Friday's Market Minute: Technology Stocks Overshadow Concerns of the Debt Ceiling

Equites were mixed in yesterday’s trading, with the Nasdaq remaining in a strong continuation pattern on the back of strong revenue guidance from Nvidia (NVDA) while the broader S&P 500 is still unable break above late January highs.

The recent excitement around technology stocks has overshadowed the debt ceiling impasse, which remains a concern, as well as interest rates and the U.S. dollar that have been moving higher against major reserve currency peers such as the yen and euro. The yield on 2-year Treasury notes has also quietly risen to the highest level since the regional bank stress began back in March.

Since the Fed makes policy decisions that closely track the two-year yield, the recent rise implies the bond market is currently at ease with the banking system as well as perhaps the expectation of an amicable resolution to the ongoing debt ceiling debate.

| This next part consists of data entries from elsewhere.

lemma excess_abs_loss_le:
  assumes c: "0 \<le> c" and D: "multi_dist MX n D" and h: "h \<in> Hall MX n" and r: "r \<in> Rall MX"
  shows "excess D (Hall MX n \<times> Rall MX) (abs_loss n c) (h, r)
           \<le> excess D (Rall MX) (\<lambda>r'. abs_loss n c (h, r')) r + excess D (Hall MX n) (zo_loss n) h"
proof -
  let ?I1 = "INF r'\<in>Rall MX. eloss D (abs_loss n c (h, r'))"
  let ?Izo = "INF g\<in>Hall MX n. eloss D (zo_loss n g)"
  let ?I0 = "INF j\<in>Hall MX n \<times> Rall MX. eloss D (abs_loss n c j)"
  note A_finite = eloss_abs_loss_finite[OF D] and Zo_finite = eloss_zo_loss_finite[OF D]
  have "?I1 < \<top>" "?I0 < \<top>" "?Izo < \<top>"
    using h r A_finite Zo_finite by (auto intro: INF_lower le_less_trans)
  moreover have "enn2real (?I1 + ?Izo) \<le> enn2real (?I0 + eloss D (zo_loss n h))"
    using INF_abs_loss_add_INF_zo_loss_le[OF c D h] Zo_finite
    by (intro enn2real_mono) (simp_all add: calculation)
  ultimately show ?thesis
    using Zo_finite by (simp add: excess_def enn2real_plus)
qed

definition rejection_measure ::
    "'x measure \<Rightarrow> ('x \<times> 'y) measure \<Rightarrow> real \<Rightarrow> ('x \<Rightarrow> 'y \<Rightarrow> real) \<Rightarrow> ('x \<times> int) measure"
  where "rejection_measure MX D c w =
    distr (density (D \<Otimes>\<^sub>M count_space {-1, 1})
        (\<lambda>q. ennreal (if snd q = 1 then c else w (fst (fst q)) (snd (fst q)))))
      (MX \<Otimes>\<^sub>M count_space {-1, 1}) (\<lambda>q. (fst (fst q), snd q))"

lemma sets_rejection_measure [simp, measurable_cong]:
  "sets (rejection_measure MX D c w) = sets (MX \<Otimes>\<^sub>M count_space {-1, 1})"
  by (simp add: rejection_measure_def)

lemma eloss_rejection_measure:
  assumes D: "sigma_finite_measure D" "sets D = sets (MX \<Otimes>\<^sub>M N)"
    and w [measurable]: "(\<lambda>z. w (fst z) (snd z)) \<in> borel_measurable D"
    and L [measurable]: "(\<lambda>z. L (fst z) (snd z)) \<in> borel_measurable (MX \<Otimes>\<^sub>M count_space {-1, 1})"
    and nonneg: "0 \<le> c" "\<And>x y. 0 \<le> w x y" "\<And>x s. 0 \<le> L x s"
  shows "eloss (rejection_measure MX D c w) L = eloss D (\<lambda>x y. c * L x 1 + w x y * L x (-1))"
proof -
  let ?P = "D \<Otimes>\<^sub>M count_space {-1, 1 :: int}"
  let ?W = "\<lambda>q. ennreal (if snd q = 1 then c else w (fst (fst q)) (snd (fst q)))"
  interpret D: sigma_finite_measure D by (rule D(1))
  interpret C: finite_measure "count_space {-1, 1 :: int}" by (rule finite_measure_count_space) simp
  interpret P: pair_sigma_finite D "count_space {-1, 1 :: int}" ..
  have [measurable]: "fst \<in> measurable D MX"
    unfolding measurable_cong_sets[OF D(2) refl] by simp
  have forget_y [measurable]: "(\<lambda>q. (fst (fst q), snd q)) \<in> measurable ?P (MX \<Otimes>\<^sub>M count_space {-1, 1})"
    by measurable
  have [measurable]: "(\<lambda>q. L (fst (fst q)) (snd q)) \<in> borel_measurable ?P"
    using measurable_compose[OF forget_y L] by simp
  have "eloss (rejection_measure MX D c w) L
      = (\<integral>\<^sup>+q. ennreal (L (fst (fst q)) (snd q)) \<partial>density ?P ?W)"
    unfolding eloss_def rejection_measure_def
    by (subst nn_integral_distr) (simp_all add: measurable_cong_sets[OF sets_density refl])
  also have "\<dots> = (\<integral>\<^sup>+q. ?W q * ennreal (L (fst (fst q)) (snd q)) \<partial>?P)"
    by (rule nn_integral_density) measurable
  also have "\<dots> = (\<integral>\<^sup>+z. \<integral>\<^sup>+s. ?W (z, s) * ennreal (L (fst z) s) \<partial>count_space {-1, 1} \<partial>D)"
    by (subst C.nn_integral_fst[symmetric]) simp_all
  also have "\<dots> = eloss D (\<lambda>x y. c * L x 1 + w x y * L x (-1))"
    unfolding eloss_def using nonneg
    by (intro nn_integral_cong) (simp add: nn_integral_count_space_finite ennreal_mult add.commute)
  finally show ?thesis .
qed

lemma abs_loss_eq_weighted_bin_zo_loss:
  "abs_loss n c (h, r) x y = c * bin_zo_loss r x 1 + zo_loss n h x y * bin_zo_loss r x (-1)"
  by (simp add: abs_loss_def bin_zo_loss_def sgn01_def zo_loss_def)

lemma lphi_loss_eq_weighted_phi_loss:
  "lphi_loss n c \<Phi> h r x y = c * phi_loss \<Phi> r x 1 + zo_loss n h x y * phi_loss \<Phi> r x (-1)"
  by (simp add: lphi_loss_def phi_loss_def zo_loss_def)

lemma bin_dist_rejection_measure:
  assumes c: "0 < c" and D: "multi_dist MX n D" and h: "h \<in> Hall MX n"
  defines "Z \<equiv> c + enn2real (eloss D (zo_loss n h))"
  shows "bin_dist MX (scale_measure (ennreal (1 / Z)) (rejection_measure MX D c (zo_loss n h)))"
proof -
  interpret D: prob_space D
    using D by (simp add: multi_dist_def)
  let ?M = "rejection_measure MX D c (zo_loss n h)"
  have "emeasure ?M (space ?M) = eloss ?M (\<lambda>_ _. 1)"
    by (simp add: eloss_def)
  also have "\<dots> = eloss D (\<lambda>x y. c + zo_loss n h x y)"
    using c D measurable_zo_loss[OF h D]
    by (simp add: eloss_rejection_measure D.sigma_finite_measure multi_dist_def zo_loss_nonneg)
  also have "\<dots> = eloss D (\<lambda>_ _. c) + eloss D (zo_loss n h)"
    using c measurable_zo_loss[OF h D] by (intro eloss_add[symmetric]) (simp_all add: zo_loss_nonneg)
  also have "\<dots> = ennreal Z"
    using eloss_zo_loss_finite[OF D] c by (simp add: eloss_def Z_def D.emeasure_space_1)
  finally have "emeasure ?M (space ?M) = ennreal Z" .
  moreover have "0 < Z"
    using c by (simp add: Z_def add_pos_nonneg)
  ultimately show ?thesis
    by (auto intro: prob_spaceI simp: bin_dist_def space_scale_measure simp flip: ennreal_mult'')
qed

lemma excess_abs_loss_rejector_le_scaled:
  assumes c: "0 < c" and \<Phi>: "antimono \<Phi>" "\<And>t. 0 \<le> \<Phi> t"
    and bound: "\<And>B r. bin_dist MX B \<Longrightarrow> r \<in> Rall MX \<Longrightarrow> eloss B (phi_loss \<Phi> r) < \<infinity> \<Longrightarrow>
        excess B (Rall MX) bin_zo_loss r \<le> G (excess B (Rall MX) (phi_loss \<Phi>) r)"
    and D: "multi_dist MX n D" and h: "h \<in> Hall MX n" and r: "r \<in> Rall MX"
    and finite: "eloss D (lphi_loss n c \<Phi> h r) < \<infinity>"
  obtains Z where "c \<le> Z" "Z \<le> 1 + c"
    "excess D (Rall MX) (\<lambda>r'. abs_loss n c (h, r')) r
       \<le> Z * G (excess D (Rall MX) (lphi_loss n c \<Phi> h) r / Z)"
proof -
  interpret D: prob_space D
    using D by (simp add: multi_dist_def)
  define Z where "Z = c + enn2real (eloss D (zo_loss n h))"
  have "enn2real (eloss D (zo_loss n h)) \<le> 1"
    using enn2real_mono[OF eloss_zo_loss_le[OF D]] by simp
  then have "c \<le> Z" "Z \<le> 1 + c"
    by (simp_all add: Z_def)
  then have "0 < Z"
    using c by linarith
  define B where "B = scale_measure (ennreal (1 / Z)) (rejection_measure MX D c (zo_loss n h))"
  have "bin_dist MX B"
    unfolding B_def Z_def using c D h by (rule bin_dist_rejection_measure)
  have eloss_B: "eloss B L = ennreal (1 / Z) * eloss D (\<lambda>x y. c * L x 1 + zo_loss n h x y * L x (-1))"
    if L: "(\<lambda>z. L (fst z) (snd z)) \<in> borel_measurable (MX \<Otimes>\<^sub>M count_space {-1, 1})"
      and "\<And>x s. 0 \<le> L x s" for L
    using c D L that(2) measurable_zo_loss[OF h D]
    by (simp add: B_def eloss_def nn_integral_scale_measure measurable_cong_sets[OF sets_rejection_measure refl]
        eloss_rejection_measure[OF D.sigma_finite_measure, unfolded eloss_def] multi_dist_def zo_loss_nonneg)
  have eloss_B_bin: "eloss B (bin_zo_loss r') = ennreal (1 / Z) * eloss D (abs_loss n c (h, r'))"
    if "r' \<in> Rall MX" for r'
    unfolding abs_loss_eq_weighted_bin_zo_loss[abs_def]
    by (rule eloss_B[OF measurable_bin_zo_loss[OF that]]) (simp add: bin_zo_loss_def)
  have eloss_B_phi: "eloss B (phi_loss \<Phi> r') = ennreal (1 / Z) * eloss D (lphi_loss n c \<Phi> h r')"
    if "r' \<in> Rall MX" for r'
    unfolding lphi_loss_eq_weighted_phi_loss[abs_def]
    by (rule eloss_B[OF measurable_phi_loss[OF \<Phi>(1) that]]) (simp add: phi_loss_def \<Phi>(2))
  have "(1 / Z) * excess D (Rall MX) (\<lambda>r'. abs_loss n c (h, r')) r
      \<le> G ((1 / Z) * excess D (Rall MX) (lphi_loss n c \<Phi> h) r)"
    using bound[OF \<open>bin_dist MX B\<close> r] finite \<open>0 < Z\<close> r
      excess_rescale[of "1 / Z" r "Rall MX" B bin_zo_loss D] eloss_B_bin
      excess_rescale[of "1 / Z" r "Rall MX" B "phi_loss \<Phi>" D] eloss_B_phi
    by (simp add: ennreal_mult_less_top)
  then have "excess D (Rall MX) (\<lambda>r'. abs_loss n c (h, r')) r
      \<le> Z * G (excess D (Rall MX) (lphi_loss n c \<Phi> h) r / Z)"
    using \<open>0 < Z\<close> by (simp add: field_simps)
  with \<open>c \<le> Z\<close> \<open>Z \<le> 1 + c\<close> show thesis
    by (rule that)
qed

lemma excess_abs_loss_rejector_le:
  assumes c: "0 < c" and \<Phi>: "antimono \<Phi>" "\<And>t. 0 \<le> \<Phi> t" and G: "mono_on {0..} G"
    and bound: "\<And>B r. bin_dist MX B \<Longrightarrow> r \<in> Rall MX \<Longrightarrow> eloss B (phi_loss \<Phi> r) < \<infinity> \<Longrightarrow>
        excess B (Rall MX) bin_zo_loss r \<le> G (excess B (Rall MX) (phi_loss \<Phi>) r)"
    and D: "multi_dist MX n D" and h: "h \<in> Hall MX n" and r: "r \<in> Rall MX"
    and finite: "eloss D (lphi_loss n c \<Phi> h r) < \<infinity>"
  defines "X \<equiv> excess D (Rall MX) (\<lambda>r'. abs_loss n c (h, r')) r"
    and "e \<equiv> excess D (Rall MX) (lphi_loss n c \<Phi> h) r"
  shows "X \<le> (1 + c) * G (e / c)"
    and "(\<exists>a. \<forall>t\<ge>0. G t = a * t) \<Longrightarrow> X \<le> G e"
proof -
  obtain Z where Z: "c \<le> Z" "Z \<le> 1 + c" and X_le: "X \<le> Z * G (e / Z)"
    using excess_abs_loss_rejector_le_scaled[OF c \<Phi> bound D h r finite]
    unfolding X_def e_def by blast
  have "0 < Z"
    using Z c by linarith
  have "0 \<le> X"
    unfolding X_def using r by (rule excess_nonneg) (rule eloss_abs_loss_finite[OF D])
  with X_le have "0 \<le> Z * G (e / Z)"
    by linarith
  with \<open>0 < Z\<close> have "0 \<le> G (e / Z)"
    by (simp add: zero_le_mult_iff)
  have "0 \<le> e"
    unfolding e_def using r finite by (intro excess_nonneg)
  then have "G (e / Z) \<le> G (e / c)"
    using Z c by (intro mono_onD[OF G]) (simp_all add: frac_le)
  with \<open>0 \<le> G (e / Z)\<close> Z c have "Z * G (e / Z) \<le> (1 + c) * G (e / c)"
    by (intro mult_mono) simp_all
  with X_le show "X \<le> (1 + c) * G (e / c)"
    by linarith
  assume "\<exists>a. \<forall>t\<ge>0. G t = a * t"
  then have "Z * G (e / Z) = G e"
    using \<open>0 \<le> e\<close> \<open>0 < Z\<close> by auto
  with X_le show "X \<le> G e"
    by linarith
qed

theorem corollary7:
  fixes MX :: "'x measure" and n :: nat and c :: real
    and sl :: "('x \<Rightarrow> nat \<Rightarrow> real) \<Rightarrow> 'x \<Rightarrow> nat \<Rightarrow> real"
    and \<Phi> :: "real \<Rightarrow> real" and G1 G2 :: "real \<Rightarrow> real"
  assumes c: "0 < c" "c < 1"
    and loss_nonneg: "\<And>h x y. sl h x y \<ge> 0"
    and \<Phi>_mono: "antimono \<Phi>"
    and \<Phi>_ge: "\<And>t. \<Phi> t \<ge> (if t \<le> 0 then 1 else 0)"
    and G1: "mono_on {0..} G1" "concave_on {0..} G1"
    and G2: "mono_on {0..} G2" "concave_on {0..} G2"
    and bound1: "\<And>D h. multi_dist MX n D \<Longrightarrow> h \<in> Hall MX n \<Longrightarrow> eloss D (sl h) < \<infinity> \<Longrightarrow>
        excess D (Hall MX n) (zo_loss n) h \<le> G1 (excess D (Hall MX n) sl h)"
    and bound2: "\<And>B r. bin_dist MX B \<Longrightarrow> r \<in> Rall MX \<Longrightarrow> eloss B (phi_loss \<Phi> r) < \<infinity> \<Longrightarrow>
        excess B (Rall MX) bin_zo_loss r \<le> G2 (excess B (Rall MX) (phi_loss \<Phi>) r)"
    and D: "multi_dist MX n D"
    and h: "h \<in> Hall MX n" and r: "r \<in> Rall MX"
    and fin: "eloss D (sl h) < \<infinity>" "eloss D (lphi_loss n c \<Phi> h r) < \<infinity>"
  shows "excess D (Hall MX n \<times> Rall MX) (abs_loss n c) (h, r)
           \<le> G1 (excess D (Hall MX n) sl h)
             + (1 + c) * G2 (excess D (Rall MX) (lphi_loss n c \<Phi> h) r / c)
         \<and> ((\<exists>a. \<forall>t\<ge>0. G2 t = a * t) \<longrightarrow>
            excess D (Hall MX n \<times> Rall MX) (abs_loss n c) (h, r)
              \<le> G1 (excess D (Hall MX n) sl h)
                + G2 (excess D (Rall MX) (lphi_loss n c \<Phi> h) r))"
proof -
  have \<Phi>_nonneg: "0 \<le> \<Phi> t" for t
    using \<Phi>_ge[of t] by (simp split: if_splits)
  note rejector = excess_abs_loss_rejector_le[OF c(1) \<Phi>_mono \<Phi>_nonneg G2(1) bound2 D h r fin(2)]
  have "excess D (Hall MX n \<times> Rall MX) (abs_loss n c) (h, r)
      \<le> excess D (Rall MX) (\<lambda>r'. abs_loss n c (h, r')) r + G1 (excess D (Hall MX n) sl h)"
    using excess_abs_loss_le[OF less_imp_le[OF c(1)] D h r] bound1[OF D h fin(1)] by linarith
  with rejector show ?thesis
    by (smt (verit))
qed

When it comes to the health of the overall economy, the spread between 3-month and 10-year Treasuries remains deeply inverted, suggesting a recession is on the horizon. However, it is extremely difficult to pinpoint the exact time, magnitude, and duration of economic contraction.

Along with the yield curve inversion, the trend in initial jobless claims must also begin to rise along with consecutive monthly upticks in unemployment. With that said, new jobless claims printed a lower than expected number this week on top of downward revisions to the previous week.

1Q gross domestic product figures were also revised higher, which corresponds to higher interest rates indicating an economy that is still trending in the right direction. The FOMC meeting minutes released earlier in the week read largely as market participants expected.

There remains a clear divide between committee members that are concerned about the tightening lag and tighter credit conditions and those that feel more hikes are needed due to insufficient progress on inflation so far. With earnings season winding down, investors’ attention will shift to the next labor market report, inflation data, and the mid-June FOMC meeting.